В районе Эльбы произошли встречи офицеров и генералов более высокого уровня. 26 апреля командир 58-й дивизии В. Русаков принял командира 69-й дивизии Э. Рейнхардта; 27-го встретились командиры корпусов — советского 34-го Г. Бакланов и американского 5-го Р. Хюбнер; 30-го — командующие армиями 5-й гвардейской А. Жадов и 1-й американской Э. Ходжес; 28-го апреля командующий 1-м Украинским фронтом Маршал Советского Союза И. Конев встретился с командующим 12-й группой армий генералом О. Брэдли.
На севере Германии фельдмаршал Монтгомери принял капитуляцию всех немецких войск в Нидерландах, на Фризских островах, на других островах Германии в Балтийском море и в Дании.
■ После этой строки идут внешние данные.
lemma penalty_first_order:
  assumes B\<^sub>0: "B\<^sub>0 \<in> spectraplex n" "\<And>C. C \<in> spectraplex n \<Longrightarrow> penalty n E k B\<^sub>0 \<le> penalty n E k C"
    and C: "C \<in> spectraplex n"
    and a: "a = max 0 (k - (\<Sum>p\<in>{1..n} \<times> {1..n}. B\<^sub>0 p))"
    and \<mu>: "\<And>p. \<mu> p = max 0 (B\<^sub>0 p)"
  shows "a * (\<Sum>p\<in>{1..n} \<times> {1..n}. C p) - (\<Sum>p\<in>arcs n E. \<mu> p * C p)
    \<le> a * k - penalty n E k B\<^sub>0"
proof -
  define D where "D = (\<Sum>p\<in>{1..n} \<times> {1..n}. C p - B\<^sub>0 p)"
  define L where "L = - a * D + (\<Sum>p\<in>arcs n E. \<mu> p * (C p - B\<^sub>0 p))"
  define R where "R = D\<^sup>2 + (\<Sum>p\<in>arcs n E. (C p - B\<^sub>0 p)\<^sup>2)"
  have "0 \<le> 2 * L + e * R" if e: "0 < e" "e \<le> 1" for e
  proof -
    have "(\<lambda>p. (1 - e) * B\<^sub>0 p + e * C p) \<in> spectraplex n"
      using convex_combination_in_spectraplex[OF B\<^sub>0(1) C] e by simp
    then have "penalty n E k B\<^sub>0 \<le> penalty n E k (\<lambda>p. B\<^sub>0 p + e * (C p - B\<^sub>0 p))"
      using B\<^sub>0(2) by (simp add: algebra_simps)
    also have "\<dots> \<le> penalty n E k B\<^sub>0 + e * (2 * L + e * R)"
      using penalty_perturbation_le[where B = B\<^sub>0 and C = C and n = n and k = k and E = E and e = e]
      unfolding L_def R_def D_def a \<mu>
      by (simp add: algebra_simps power2_eq_square)
    finally show ?thesis using e by (simp add: zero_le_mult_iff)
  qed
  then have "0 \<le> L"
    using nonneg_if_nonneg_perturbation[of "2 * L" R] by simp
  moreover have "a * (\<Sum>p\<in>{1..n} \<times> {1..n}. B\<^sub>0 p) = a * k - a\<^sup>2"
    unfolding a by (auto simp: max_def power2_eq_square algebra_simps)
  moreover have "(\<Sum>p\<in>arcs n E. \<mu> p * B\<^sub>0 p) = (\<Sum>p\<in>arcs n E. (\<mu> p)\<^sup>2)"
    unfolding \<mu> by (intro sum.cong refl) (auto simp: max_def power2_eq_square)
  moreover have "penalty n E k B\<^sub>0 = a\<^sup>2 + (\<Sum>p\<in>arcs n E. (\<mu> p)\<^sup>2)"
    unfolding penalty_def a \<mu> ..
  ultimately show ?thesis
    unfolding L_def D_def by (simp add: sum_subtractf right_diff_distrib algebra_simps)
qed

lemma quad_form_nonneg_if_unit:
  assumes "finite I" "\<And>y. (\<Sum>i\<in>I. (y i)\<^sup>2) = 1 \<Longrightarrow> 0 \<le> quad_form I M y"
  shows "0 \<le> quad_form I M x"
proof -
  define N where "N = (\<Sum>i\<in>I. (x i)\<^sup>2)"
  show ?thesis
  proof (cases "N = 0")
    case True
    then have "\<forall>i\<in>I. x i = 0"
      using assms(1) by (simp add: N_def sum_nonneg_eq_0_iff)
    then have "quad_form I M x = quad_form I M (\<lambda>_. 0)"
      by (intro quad_form_cong) simp
    then show ?thesis by (simp add: quad_form_def)
  next
    case False
    then have N: "0 < N" unfolding N_def by (simp add: less_le sum_nonneg)
    define y where "y i = x i / sqrt N" for i
    have "(\<Sum>i\<in>I. (y i)\<^sup>2) = 1"
      unfolding y_def using N by (simp add: power_divide sum_divide_distrib[symmetric] N_def)
    moreover have "quad_form I M x = N * quad_form I M y"
      using quad_form_scale[of I M "sqrt N" y] N by (simp add: y_def)
    ultimately show ?thesis using assms(2) N by simp
  qed
qed

lemma dual_feasible_if_unit_bound:
  assumes a: "0 < a" and \<mu>: "\<And>p. 0 \<le> \<mu> p" "\<And>i j. \<mu> (i, j) = \<mu> (j, i)"
    and bound: "\<And>y. (\<Sum>i\<in>{1..n}. (y i)\<^sup>2) = 1 \<Longrightarrow>
      a * (\<Sum>i\<in>{1..n}. y i)\<^sup>2 - (\<Sum>p\<in>arcs n E. \<mu> p * (y (fst p) * y (snd p))) \<le> a * t"
  shows "dual_feasible n E t"
proof -
  define L where "L i j = (if (i, j) \<in> arcs n E then \<mu> (i, j) / a else 0)" for i j
  have L: "\<forall>i j. 0 \<le> L i j \<and> L i j = L j i \<and> (L i j \<noteq> 0 \<longrightarrow> (i, j) \<in> arcs n E)"
    using a \<mu> arcs_swap unfolding L_def by auto
  have quad_form_L: "quad_form {1..n} L y = (\<Sum>p\<in>arcs n E. \<mu> p * (y (fst p) * y (snd p))) / a" for y
  proof -
    have "quad_form {1..n} L y
        = (\<Sum>p\<in>{1..n} \<times> {1..n}. if p \<in> arcs n E then \<mu> p * (y (fst p) * y (snd p)) / a else 0)"
      unfolding quad_form_def sum.cartesian_product L_def
      by (intro sum.cong refl) (auto simp: mult_ac)
    also have "\<dots> = (\<Sum>p\<in>arcs n E. \<mu> p * (y (fst p) * y (snd p)) / a)"
      using arcs_subset by (simp add: sum.inter_restrict[symmetric] Int_absorb1)
    finally show ?thesis by (simp add: sum_divide_distrib)
  qed
  have "psd_on {1..n} (dual_matrix t L)"
  proof (rule psd_onI)
    show "dual_matrix t L i j = dual_matrix t L j i" for i j
      using L by (auto simp: dual_matrix_def)
  next
    fix x
    show "0 \<le> quad_form {1..n} (dual_matrix t L) x"
    proof (rule quad_form_nonneg_if_unit)
      fix y :: "nat \<Rightarrow> real" assume y: "(\<Sum>i\<in>{1..n}. (y i)\<^sup>2) = 1"
      have "a * ((\<Sum>i\<in>{1..n}. y i)\<^sup>2 - (\<Sum>p\<in>arcs n E. \<mu> p * (y (fst p) * y (snd p))) / a) \<le> a * t"
        using bound[OF y] a by (simp add: right_diff_distrib)
      then have "(\<Sum>i\<in>{1..n}. y i)\<^sup>2 - (\<Sum>p\<in>arcs n E. \<mu> p * (y (fst p) * y (snd p))) / a \<le> t"
        using a by (simp only: mult_le_cancel_left_pos)
      then show "0 \<le> quad_form {1..n} (dual_matrix t L) y"
        using y unfolding quad_form_dual_matrix[OF finite_atLeastAtMost] quad_form_L by simp
    qed simp
  qed
  then show ?thesis using L unfolding dual_feasible_def by blast
qed

lemma dual_feasible_if_no_primal_witness:
  assumes n: "1 \<le> n" and G: "graph_on n E"
    and no_witness: "\<not> (\<exists>B\<in>spectraplex n. (\<forall>p\<in>arcs n E. B p \<le> 0) \<and> k \<le> (\<Sum>p\<in>{1..n} \<times> {1..n}. B p))"
  shows "\<exists>t<k. dual_feasible n E t"
proof -
  define e\<^sub>1 where "e\<^sub>1 i = (if i = 1 then 1 else 0 :: real)" for i :: nat
  have e\<^sub>1: "outer n e\<^sub>1 \<in> spectraplex n"
    using n by (intro outer_in_spectraplex) (simp add: e\<^sub>1_def if_distrib[of "\<lambda>x. x\<^sup>2"] cong: if_cong)
  obtain B\<^sub>0 where B\<^sub>0: "B\<^sub>0 \<in> spectraplex n" "\<And>C. C \<in> spectraplex n \<Longrightarrow> penalty n E k B\<^sub>0 \<le> penalty n E k C"
    using continuous_attains_inf[OF compact_spectraplex _ continuous_on_penalty] e\<^sub>1 by blast
  define a where "a = max 0 (k - (\<Sum>p\<in>{1..n} \<times> {1..n}. B\<^sub>0 p))"
  define \<mu> where "\<mu> p = max 0 (B\<^sub>0 p)" for p
  define \<phi> where "\<phi> = penalty n E k B\<^sub>0"
  have first_order: "a * (\<Sum>p\<in>{1..n} \<times> {1..n}. C p) - (\<Sum>p\<in>arcs n E. \<mu> p * C p) \<le> a * k - \<phi>"
    if "C \<in> spectraplex n" for C
    using penalty_first_order[OF B\<^sub>0(1) B\<^sub>0(2) that a_def \<mu>_def] unfolding \<phi>_def .
  have "0 < \<phi>"
  proof (rule ccontr)
    assume "\<not> 0 < \<phi>"
    then have "a\<^sup>2 + (\<Sum>p\<in>arcs n E. (\<mu> p)\<^sup>2) \<le> 0"
      unfolding \<phi>_def penalty_def a_def \<mu>_def by simp
    moreover have "0 \<le> (\<Sum>p\<in>arcs n E. (\<mu> p)\<^sup>2)" "0 \<le> a\<^sup>2"
      by (simp_all add: sum_nonneg)
    ultimately have "a\<^sup>2 = 0" "(\<Sum>p\<in>arcs n E. (\<mu> p)\<^sup>2) = 0"
      by linarith+
    then have "a = 0" "\<forall>p\<in>arcs n E. \<mu> p = 0"
      by (simp_all add: sum_nonneg_eq_0_iff[OF finite_arcs])
    then have "k \<le> (\<Sum>p\<in>{1..n} \<times> {1..n}. B\<^sub>0 p)" "\<forall>p\<in>arcs n E. B\<^sub>0 p \<le> 0"
      unfolding a_def \<mu>_def by (auto simp: max_def split: if_splits)
    then show False using no_witness B\<^sub>0(1) by blast
  qed
  have "(\<Sum>p\<in>arcs n E. \<mu> p * outer n e\<^sub>1 p) = 0"
    using arcs_irrefl[OF G] arcs_subset by (intro sum.neutral) (auto simp: outer_def e\<^sub>1_def)
  moreover have "(\<Sum>p\<in>{1..n} \<times> {1..n}. outer n e\<^sub>1 p) = 1"
    unfolding sum_outer using n by (simp add: e\<^sub>1_def)
  ultimately have "a \<le> a * k - \<phi>"
    using first_order[OF e\<^sub>1] by simp
  moreover have "0 \<le> a" unfolding a_def by simp
  ultimately have a: "0 < a"
    using \<open>0 < \<phi>\<close> by (cases "a = 0") auto
  have "dual_feasible n E (k - \<phi> / a)"
  proof (rule dual_feasible_if_unit_bound[OF a])
    show "\<And>p. 0 \<le> \<mu> p" unfolding \<mu>_def by simp
    have "B\<^sub>0 (i, j) = B\<^sub>0 (j, i)" for i j
      using B\<^sub>0(1) psd_on_symmetric[of "{1..n}" "curry B\<^sub>0" i j] unfolding spectraplex_def
      by (cases "i \<in> {1..n} \<and> j \<in> {1..n}") auto
    then show "\<And>i j. \<mu> (i, j) = \<mu> (j, i)" unfolding \<mu>_def by simp
  next
    fix y :: "nat \<Rightarrow> real" assume "(\<Sum>i\<in>{1..n}. (y i)\<^sup>2) = 1"
    then have "a * (\<Sum>i\<in>{1..n}. y i)\<^sup>2 - (\<Sum>p\<in>arcs n E. \<mu> p * outer n y p) \<le> a * k - \<phi>"
      using first_order[OF outer_in_spectraplex] unfolding sum_outer by blast
    moreover have "(\<Sum>p\<in>arcs n E. \<mu> p * outer n y p) = (\<Sum>p\<in>arcs n E. \<mu> p * (y (fst p) * y (snd p)))"
      using arcs_subset by (intro sum.cong refl) (auto simp: outer_def)
    ultimately show "a * (\<Sum>i\<in>{1..n}. y i)\<^sup>2 - (\<Sum>p\<in>arcs n E. \<mu> p * (y (fst p) * y (snd p)))
        \<le> a * (k - \<phi> / a)"
      using a by (simp add: right_diff_distrib)
  qed
  moreover have "k - \<phi> / a < k" using a \<open>0 < \<phi>\<close> by simp
  ultimately show ?thesis by blast
qed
Советские войска 2-го Белорусского фронта 5—6 мая овладели Свинемюнде и островом Рюген, встретились с англичанами в районе Ютландского полуострова.
В те же майские дни на юге в Австрии советские войска 3-го Украинского фронта соединились с американскими и английскими дивизиями в предгорьях Австрийских Альп.
Вот что происходило в Австрии. По мере того как войска американских 3-й и 7-й армий переправлялись через Дунай и захватывали новые плацдармы, немцы теряли свои последние естественные рубежи обороны, за исключением Баварских и Австрийских Альп. Будучи не в состоянии удерживать оборону где-либо вдоль Дуная, войска противника на юге в конце концов оказались столь же дезорганизованными и бессильными, как и те, которые пытались приостановить лавину войск 12-й группы армий, стремительно шедшей на восток. Немецкая 19-я армия, за исключением ее штаба, прекратила свое существование; ее войска были полностью уничтожены в результате наступления французов к швейцарской границе, где они были окружены в Шварцвальде. Остатки немецкой 7-й армии откатывались в восточном направлении, в Чехословакию, так что в Южной Германии остались только разбитые части немецкой 1-й армии.
26 апреля головные подразделения армии Паттона пересекли австрийскую границу у Дуная. Спустя несколько дней, в самом начале мая, подразделения 3-й и 7-й армий стремились обогнать друг друга и первыми оказаться в Берхтесгадене, на вилле Гитлера в горах. Слабое сопротивление здесь, а также в других проходах через Альпы говорило о том, что не было оснований беспокоиться по поводу возможного ожесточенного сопротивления последних опорных пунктов в Альпах.
Войска 1-й, 9-й и частично 3-й армий ожидали подхода с востока своего красного союзника. Стремясь войти в историю в качестве части, первой установившей контакт с русскими, дивизии состязались в изобретательности, чтобы обеспечить себе такую честь, а корреспонденты прессы и радио носились, точно встревоженные бабочки, от одного штаба к другому, если возникали слухи, что подчиненные этому штабу войска оказывались к тому времени впереди в этом состязании.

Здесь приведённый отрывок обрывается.